Go through the entries, filter for the word "UNIV", and copy every line that has it.

─── DATA FOR PROCESSING ───

definition sep_scott_continuous :: "('a \<Rightarrow> 'a \<Rightarrow> 'a) \<Rightarrow> bool" where
  "sep_scott_continuous m \<longleftrightarrow>
     (\<forall>D x s. directed_by (intr_le m) D \<and> is_sup_in (intr_le m) UNIV D x
          \<longrightarrow> is_sup_in (intr_le m) UNIV ((\<lambda>d. m d s) ` D) (m x s))"

definition meet_continuous :: "('a \<Rightarrow> 'a \<Rightarrow> 'a) \<Rightarrow> bool" where
  "meet_continuous m \<longleftrightarrow>
     (\<forall>\<Delta> x e. \<Delta> \<subseteq> idems m \<and> directed_by (intr_le m) \<Delta> \<and> is_sup_in (intr_le m) (idems m) \<Delta> x
          \<and> e \<in> idems m
          \<longrightarrow> is_sup_in (intr_le m) (idems m) ((\<lambda>d. m d e) ` \<Delta>) (m x e))"

end

theory Submission
  imports Defs
begin

text \<open>In a mirror semigroup the supremum in \<open>\<Sigma>\<close> of a directed set of idempotents is also its
  supremum in \<open>S\<close>, which gives meet continuity from separate Scott continuity.
  Conversely, let \<open>D\<close> be directed with supremum \<open>x\<close> and let \<open>s \<in> S\<close>. The sources \<open>d\<^sup>* d\<close>
  have supremum \<open>x\<^sup>* x\<close> in \<open>\<Sigma>\<close>; meeting with \<open>s s\<^sup>*\<close> and conjugating by \<open>s\<close> shows that
  the sources \<open>(d s)\<^sup>* (d s)\<close> have supremum \<open>(x s)\<^sup>* (x s)\<close> in \<open>\<Sigma>\<close>, hence in \<open>S\<close>. Finally, an
  upper bound of \<open>D s\<close> whose source is the supremum of the sources of \<open>D s\<close> is the
  supremum of \<open>D s\<close>.\<close>

lemma directed_by_image:
  assumes "directed_by R D"
    and "\<And>a b. a \<in> D \<Longrightarrow> b \<in> D \<Longrightarrow> R a b \<Longrightarrow> R' (f a) (f b)"
  shows "directed_by R' (f ` D)"
proof -
  have "f ` D \<noteq> {}" using assms(1) unfolding directed_by_def by blast
  moreover have "\<exists>z\<in>f ` D. R' y z \<and> R' y' z"
    if yD: "y \<in> f ` D" "y' \<in> f ` D" for y y'
  proof -
    obtain a b where ab: "a \<in> D" "b \<in> D" "y = f a" "y' = f b" using yD by blast
    then obtain c where "c \<in> D" "R a c" "R b c" using assms(1) unfolding directed_by_def by blast
    then show ?thesis using assms(2) ab by blast
  qed
  ultimately show ?thesis unfolding directed_by_def by blast
qed

lemma is_sup_inD:
  assumes "is_sup_in R A X x"
  shows is_sup_in_mem: "x \<in> A" and is_sup_in_upper: "y \<in> X \<Longrightarrow> R y x"
    and is_sup_in_least: "z \<in> A \<Longrightarrow> (\<And>y. y \<in> X \<Longrightarrow> R y z) \<Longrightarrow> R x z"
  using assms unfolding is_sup_in_def by auto

lemma is_sup_in_restrict:
  "is_sup_in R UNIV X x \<Longrightarrow> x \<in> A \<Longrightarrow> is_sup_in R A X x"
  unfolding is_sup_in_def by blast

locale inverse_semigrp =
  fixes m :: "'a \<Rightarrow> 'a \<Rightarrow> 'a" (infixl "\<cdot>" 70)
  assumes inverse_semigroup: "inverse_semigroup m"
begin

lemma assoc: "a \<cdot> b \<cdot> c = a \<cdot> (b \<cdot> c)"
  using inverse_semigroup unfolding inverse_semigroup_def by blast

definition star :: "'a \<Rightarrow> 'a" where
  "star s = (THE t. s \<cdot> t \<cdot> s = s \<and> t \<cdot> s \<cdot> t = t)"

lemma star_unique_ex: "\<exists>!t. s \<cdot> t \<cdot> s = s \<and> t \<cdot> s \<cdot> t = t"
  using inverse_semigroup unfolding inverse_semigroup_def by blast

lemma mult_star_mult: "s \<cdot> star s \<cdot> s = s"
  and star_mult_star: "star s \<cdot> s \<cdot> star s = star s"
  using theI'[OF star_unique_ex[of s]] unfolding star_def by auto

lemma star_unique: "s \<cdot> t \<cdot> s = s \<Longrightarrow> t \<cdot> s \<cdot> t = t \<Longrightarrow> star s = t"
  using star_unique_ex[of s] mult_star_mult star_mult_star by blast

lemma mem_idems: "e \<in> idems m \<longleftrightarrow> e \<cdot> e = e"
  unfolding idems_def by simp

lemma star_idem: "e \<in> idems m \<Longrightarrow> star e = e"
  using star_unique[of e e] by (simp add: mem_idems)

lemma star_star: "star (star s) = s"
  by (intro star_unique star_mult_star mult_star_mult)

lemma star_mult_self_idem: "star s \<cdot> s \<in> idems m"
  unfolding mem_idems by (metis assoc star_mult_star)

lemma mult_star_self_idem: "s \<cdot> star s \<in> idems m"
  unfolding mem_idems by (metis assoc mult_star_mult)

───

COMPLETED TASK:
     (\<forall>D x s. directed_by (intr_le m) D \<and> is_sup_in (intr_le m) UNIV D x
          \<longrightarrow> is_sup_in (intr_le m) UNIV ((\<lambda>d. m d s) ` D) (m x s))"
  "is_sup_in R UNIV X x \<Longrightarrow> x \<in> A \<Longrightarrow> is_sup_in R A X x"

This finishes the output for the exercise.